**YOUR GOAL**
The answer must consist only of the lines from the line with "Y \<Longrightarrow> Y" to the line with "X \<le> card", both included, exactly as they stand below.

PROVIDED INFORMATION: Begin

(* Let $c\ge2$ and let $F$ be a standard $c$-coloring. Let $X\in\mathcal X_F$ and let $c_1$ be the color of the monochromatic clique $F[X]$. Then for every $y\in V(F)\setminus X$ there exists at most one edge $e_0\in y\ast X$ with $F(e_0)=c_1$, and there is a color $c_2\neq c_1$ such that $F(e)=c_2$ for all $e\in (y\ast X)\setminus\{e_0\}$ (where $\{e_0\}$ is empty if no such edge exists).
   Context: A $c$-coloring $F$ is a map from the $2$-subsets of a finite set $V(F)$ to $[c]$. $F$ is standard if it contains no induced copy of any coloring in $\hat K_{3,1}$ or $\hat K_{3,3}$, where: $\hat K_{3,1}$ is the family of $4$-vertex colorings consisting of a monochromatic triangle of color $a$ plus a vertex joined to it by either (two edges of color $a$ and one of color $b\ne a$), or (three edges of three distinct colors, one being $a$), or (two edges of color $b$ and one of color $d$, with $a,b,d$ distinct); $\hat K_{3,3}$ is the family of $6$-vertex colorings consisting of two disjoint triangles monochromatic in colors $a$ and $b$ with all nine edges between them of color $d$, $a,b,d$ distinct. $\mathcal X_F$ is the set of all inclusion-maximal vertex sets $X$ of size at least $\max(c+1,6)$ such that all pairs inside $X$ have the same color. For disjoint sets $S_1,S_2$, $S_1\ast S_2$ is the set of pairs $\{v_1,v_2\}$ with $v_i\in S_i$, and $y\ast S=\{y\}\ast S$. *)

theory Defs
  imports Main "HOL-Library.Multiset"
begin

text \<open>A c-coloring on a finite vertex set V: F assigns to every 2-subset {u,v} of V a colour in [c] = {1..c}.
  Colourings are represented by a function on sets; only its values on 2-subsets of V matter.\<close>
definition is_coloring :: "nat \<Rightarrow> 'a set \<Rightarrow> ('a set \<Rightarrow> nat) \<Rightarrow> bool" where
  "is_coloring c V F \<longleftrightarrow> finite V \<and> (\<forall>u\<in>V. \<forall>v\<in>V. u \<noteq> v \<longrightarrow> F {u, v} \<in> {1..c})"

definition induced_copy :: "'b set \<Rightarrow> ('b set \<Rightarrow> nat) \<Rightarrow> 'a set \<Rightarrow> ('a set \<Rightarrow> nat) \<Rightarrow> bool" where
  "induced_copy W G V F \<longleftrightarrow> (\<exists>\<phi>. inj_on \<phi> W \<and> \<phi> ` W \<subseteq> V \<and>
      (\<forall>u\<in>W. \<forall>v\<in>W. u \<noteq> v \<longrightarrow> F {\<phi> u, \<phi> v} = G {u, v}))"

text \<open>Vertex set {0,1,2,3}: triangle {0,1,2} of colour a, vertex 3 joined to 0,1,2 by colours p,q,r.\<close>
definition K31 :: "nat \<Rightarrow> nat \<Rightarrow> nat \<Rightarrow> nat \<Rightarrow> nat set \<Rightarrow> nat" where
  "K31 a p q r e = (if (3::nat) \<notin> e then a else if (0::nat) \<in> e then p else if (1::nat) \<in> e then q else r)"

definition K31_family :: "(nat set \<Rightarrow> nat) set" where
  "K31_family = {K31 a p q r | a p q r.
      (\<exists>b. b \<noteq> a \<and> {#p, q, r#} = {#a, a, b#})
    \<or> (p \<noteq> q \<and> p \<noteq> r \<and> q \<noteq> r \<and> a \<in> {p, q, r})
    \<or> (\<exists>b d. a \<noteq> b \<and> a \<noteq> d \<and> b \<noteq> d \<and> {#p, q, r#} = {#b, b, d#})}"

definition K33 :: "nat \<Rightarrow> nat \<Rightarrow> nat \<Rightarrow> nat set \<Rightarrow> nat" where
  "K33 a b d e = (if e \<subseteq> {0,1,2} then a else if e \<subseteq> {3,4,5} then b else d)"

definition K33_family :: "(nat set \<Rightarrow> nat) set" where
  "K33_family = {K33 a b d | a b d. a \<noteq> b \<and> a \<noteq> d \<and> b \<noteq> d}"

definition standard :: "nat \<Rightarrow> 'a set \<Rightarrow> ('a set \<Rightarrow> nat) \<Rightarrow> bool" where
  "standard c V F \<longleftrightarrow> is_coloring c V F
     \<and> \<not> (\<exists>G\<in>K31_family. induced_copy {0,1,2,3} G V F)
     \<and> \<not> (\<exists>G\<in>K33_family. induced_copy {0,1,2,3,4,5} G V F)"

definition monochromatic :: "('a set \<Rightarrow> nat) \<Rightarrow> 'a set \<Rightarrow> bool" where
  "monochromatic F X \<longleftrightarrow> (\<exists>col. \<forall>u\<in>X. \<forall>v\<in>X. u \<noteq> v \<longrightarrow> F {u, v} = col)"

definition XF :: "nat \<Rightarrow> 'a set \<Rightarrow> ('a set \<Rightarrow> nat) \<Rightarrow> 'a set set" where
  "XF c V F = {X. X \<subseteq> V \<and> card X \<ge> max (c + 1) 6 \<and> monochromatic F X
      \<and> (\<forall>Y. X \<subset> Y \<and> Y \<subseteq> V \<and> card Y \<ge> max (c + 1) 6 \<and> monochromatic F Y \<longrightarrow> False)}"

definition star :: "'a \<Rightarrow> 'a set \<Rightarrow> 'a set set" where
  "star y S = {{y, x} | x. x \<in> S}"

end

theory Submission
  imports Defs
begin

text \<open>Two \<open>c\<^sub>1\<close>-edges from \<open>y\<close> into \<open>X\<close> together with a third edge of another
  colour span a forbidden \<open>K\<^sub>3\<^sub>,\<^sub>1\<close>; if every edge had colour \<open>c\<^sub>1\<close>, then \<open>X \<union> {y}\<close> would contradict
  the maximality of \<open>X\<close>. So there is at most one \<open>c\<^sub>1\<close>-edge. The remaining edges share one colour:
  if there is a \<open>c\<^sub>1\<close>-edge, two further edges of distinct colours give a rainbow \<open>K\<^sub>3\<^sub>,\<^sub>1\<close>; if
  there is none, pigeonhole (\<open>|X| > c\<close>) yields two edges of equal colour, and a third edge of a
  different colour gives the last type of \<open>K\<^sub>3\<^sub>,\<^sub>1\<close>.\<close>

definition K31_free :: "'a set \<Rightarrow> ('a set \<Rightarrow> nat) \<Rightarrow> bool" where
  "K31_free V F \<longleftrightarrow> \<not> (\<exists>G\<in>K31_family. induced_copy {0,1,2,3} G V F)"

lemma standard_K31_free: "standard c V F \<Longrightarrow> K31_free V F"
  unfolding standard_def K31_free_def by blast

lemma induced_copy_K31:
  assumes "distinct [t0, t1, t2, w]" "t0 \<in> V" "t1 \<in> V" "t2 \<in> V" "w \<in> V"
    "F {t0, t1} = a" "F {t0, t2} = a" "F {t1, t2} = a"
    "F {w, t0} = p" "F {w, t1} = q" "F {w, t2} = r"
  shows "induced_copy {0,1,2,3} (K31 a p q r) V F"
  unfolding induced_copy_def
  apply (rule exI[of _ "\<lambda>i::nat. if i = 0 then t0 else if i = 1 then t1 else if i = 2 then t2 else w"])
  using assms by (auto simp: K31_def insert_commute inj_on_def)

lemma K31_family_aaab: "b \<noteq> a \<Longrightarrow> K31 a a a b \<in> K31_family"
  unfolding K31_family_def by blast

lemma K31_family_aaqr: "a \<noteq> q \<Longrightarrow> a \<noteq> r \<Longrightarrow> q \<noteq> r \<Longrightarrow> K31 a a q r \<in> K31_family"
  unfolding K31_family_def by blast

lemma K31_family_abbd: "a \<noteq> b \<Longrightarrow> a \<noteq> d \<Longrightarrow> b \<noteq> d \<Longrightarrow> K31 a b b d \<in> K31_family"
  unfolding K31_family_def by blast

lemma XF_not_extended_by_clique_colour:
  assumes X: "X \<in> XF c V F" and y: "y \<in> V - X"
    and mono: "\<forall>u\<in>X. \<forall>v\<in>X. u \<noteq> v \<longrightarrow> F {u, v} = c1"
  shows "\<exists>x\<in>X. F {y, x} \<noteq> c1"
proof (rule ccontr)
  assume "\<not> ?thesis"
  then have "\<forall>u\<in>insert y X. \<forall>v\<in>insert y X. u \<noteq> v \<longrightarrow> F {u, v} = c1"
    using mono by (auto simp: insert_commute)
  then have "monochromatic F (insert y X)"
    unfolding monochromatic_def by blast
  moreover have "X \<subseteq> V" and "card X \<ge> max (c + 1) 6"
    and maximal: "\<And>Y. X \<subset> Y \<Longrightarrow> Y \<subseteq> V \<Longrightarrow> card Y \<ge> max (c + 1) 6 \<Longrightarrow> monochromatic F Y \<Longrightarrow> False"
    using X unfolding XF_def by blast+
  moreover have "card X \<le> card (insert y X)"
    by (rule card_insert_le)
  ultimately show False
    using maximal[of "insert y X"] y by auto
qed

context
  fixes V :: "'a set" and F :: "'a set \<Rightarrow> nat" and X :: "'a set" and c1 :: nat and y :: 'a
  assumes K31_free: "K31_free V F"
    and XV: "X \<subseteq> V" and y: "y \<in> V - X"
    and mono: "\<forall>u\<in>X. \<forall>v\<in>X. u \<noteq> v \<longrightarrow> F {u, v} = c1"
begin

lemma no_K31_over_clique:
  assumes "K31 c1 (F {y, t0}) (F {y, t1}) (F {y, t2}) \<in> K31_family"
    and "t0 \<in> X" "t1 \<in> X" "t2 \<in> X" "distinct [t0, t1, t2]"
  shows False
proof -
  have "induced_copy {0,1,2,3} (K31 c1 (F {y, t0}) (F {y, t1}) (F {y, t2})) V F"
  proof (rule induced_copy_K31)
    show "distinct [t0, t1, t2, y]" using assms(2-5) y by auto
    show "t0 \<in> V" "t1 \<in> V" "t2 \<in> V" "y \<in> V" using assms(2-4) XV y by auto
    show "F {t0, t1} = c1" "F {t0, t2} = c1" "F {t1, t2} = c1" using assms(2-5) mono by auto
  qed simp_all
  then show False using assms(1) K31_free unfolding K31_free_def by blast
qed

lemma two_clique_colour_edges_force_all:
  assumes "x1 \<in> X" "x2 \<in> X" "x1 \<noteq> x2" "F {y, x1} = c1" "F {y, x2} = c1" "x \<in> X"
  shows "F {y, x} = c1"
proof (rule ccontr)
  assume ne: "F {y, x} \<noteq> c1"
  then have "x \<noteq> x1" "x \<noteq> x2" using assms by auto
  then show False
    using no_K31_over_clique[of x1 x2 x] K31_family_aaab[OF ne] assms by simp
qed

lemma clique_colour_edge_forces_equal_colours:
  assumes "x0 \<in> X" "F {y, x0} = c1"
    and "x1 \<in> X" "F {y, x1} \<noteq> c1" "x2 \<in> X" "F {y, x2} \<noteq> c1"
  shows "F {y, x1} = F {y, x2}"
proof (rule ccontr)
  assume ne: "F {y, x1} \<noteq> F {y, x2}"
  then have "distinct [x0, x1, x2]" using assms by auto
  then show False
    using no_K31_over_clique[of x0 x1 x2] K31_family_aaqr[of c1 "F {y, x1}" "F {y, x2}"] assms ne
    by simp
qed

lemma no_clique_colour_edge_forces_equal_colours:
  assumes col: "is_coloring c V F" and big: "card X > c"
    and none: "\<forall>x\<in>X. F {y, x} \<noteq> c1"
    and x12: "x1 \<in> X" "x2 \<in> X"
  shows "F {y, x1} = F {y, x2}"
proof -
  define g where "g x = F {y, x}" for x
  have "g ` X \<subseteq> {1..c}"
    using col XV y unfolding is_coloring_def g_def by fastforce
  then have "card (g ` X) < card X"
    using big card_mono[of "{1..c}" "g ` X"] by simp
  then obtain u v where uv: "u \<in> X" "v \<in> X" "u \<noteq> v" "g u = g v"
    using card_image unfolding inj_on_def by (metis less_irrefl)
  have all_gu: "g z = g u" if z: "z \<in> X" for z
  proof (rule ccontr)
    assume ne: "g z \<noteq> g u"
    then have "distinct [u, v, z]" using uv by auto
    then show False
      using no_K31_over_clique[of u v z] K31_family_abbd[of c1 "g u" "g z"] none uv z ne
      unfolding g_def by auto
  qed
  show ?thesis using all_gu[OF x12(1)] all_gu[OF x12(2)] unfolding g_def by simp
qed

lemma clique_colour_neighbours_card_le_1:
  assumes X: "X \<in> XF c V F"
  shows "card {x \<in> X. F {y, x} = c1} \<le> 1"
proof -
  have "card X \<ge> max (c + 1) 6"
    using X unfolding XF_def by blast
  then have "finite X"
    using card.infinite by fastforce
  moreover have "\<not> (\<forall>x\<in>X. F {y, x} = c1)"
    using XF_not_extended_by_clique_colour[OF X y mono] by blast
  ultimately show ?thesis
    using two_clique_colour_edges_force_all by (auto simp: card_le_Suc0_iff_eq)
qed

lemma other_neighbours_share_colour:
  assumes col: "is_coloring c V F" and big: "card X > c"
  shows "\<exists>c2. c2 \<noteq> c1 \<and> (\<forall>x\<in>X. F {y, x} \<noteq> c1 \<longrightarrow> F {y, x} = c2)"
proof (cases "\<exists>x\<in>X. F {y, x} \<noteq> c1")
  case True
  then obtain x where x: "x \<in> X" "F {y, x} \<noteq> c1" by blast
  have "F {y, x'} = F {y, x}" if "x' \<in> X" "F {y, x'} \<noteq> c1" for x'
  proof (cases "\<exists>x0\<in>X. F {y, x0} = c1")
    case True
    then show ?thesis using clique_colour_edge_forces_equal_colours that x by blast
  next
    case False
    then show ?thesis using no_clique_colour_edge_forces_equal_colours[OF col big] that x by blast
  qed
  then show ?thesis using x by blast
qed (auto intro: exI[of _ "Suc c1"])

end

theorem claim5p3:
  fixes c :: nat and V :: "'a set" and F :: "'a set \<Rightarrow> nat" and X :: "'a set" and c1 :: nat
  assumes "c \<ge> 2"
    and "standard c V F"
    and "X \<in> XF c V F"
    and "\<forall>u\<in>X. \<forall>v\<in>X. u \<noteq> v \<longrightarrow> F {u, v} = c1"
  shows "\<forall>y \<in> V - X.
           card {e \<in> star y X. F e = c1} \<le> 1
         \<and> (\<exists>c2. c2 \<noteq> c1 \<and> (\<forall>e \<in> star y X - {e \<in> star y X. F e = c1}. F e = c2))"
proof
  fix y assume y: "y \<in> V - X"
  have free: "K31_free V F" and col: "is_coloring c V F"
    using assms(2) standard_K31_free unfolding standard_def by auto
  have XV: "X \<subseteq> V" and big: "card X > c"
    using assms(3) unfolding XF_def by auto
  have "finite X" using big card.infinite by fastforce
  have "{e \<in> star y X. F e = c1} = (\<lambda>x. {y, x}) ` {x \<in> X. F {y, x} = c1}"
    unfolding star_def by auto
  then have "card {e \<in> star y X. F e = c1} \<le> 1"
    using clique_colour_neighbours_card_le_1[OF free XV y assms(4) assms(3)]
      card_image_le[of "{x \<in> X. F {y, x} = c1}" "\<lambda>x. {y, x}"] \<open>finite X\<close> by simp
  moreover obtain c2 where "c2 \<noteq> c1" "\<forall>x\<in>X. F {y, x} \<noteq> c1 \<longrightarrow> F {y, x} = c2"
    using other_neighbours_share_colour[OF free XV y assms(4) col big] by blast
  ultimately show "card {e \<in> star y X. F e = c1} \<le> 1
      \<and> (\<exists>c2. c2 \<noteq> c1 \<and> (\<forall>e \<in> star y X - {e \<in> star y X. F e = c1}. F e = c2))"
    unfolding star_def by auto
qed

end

PROVIDED INFORMATION: End

**PROBLEM SOLUTION**
    and maximal: "\<And>Y. X \<subset> Y \<Longrightarrow> Y \<subseteq> V \<Longrightarrow> card Y \<ge> max (c + 1) 6 \<Longrightarrow> monochromatic F Y \<Longrightarrow> False"
    using X unfolding XF_def by blast+
  moreover have "card X \<le> card (insert y X)"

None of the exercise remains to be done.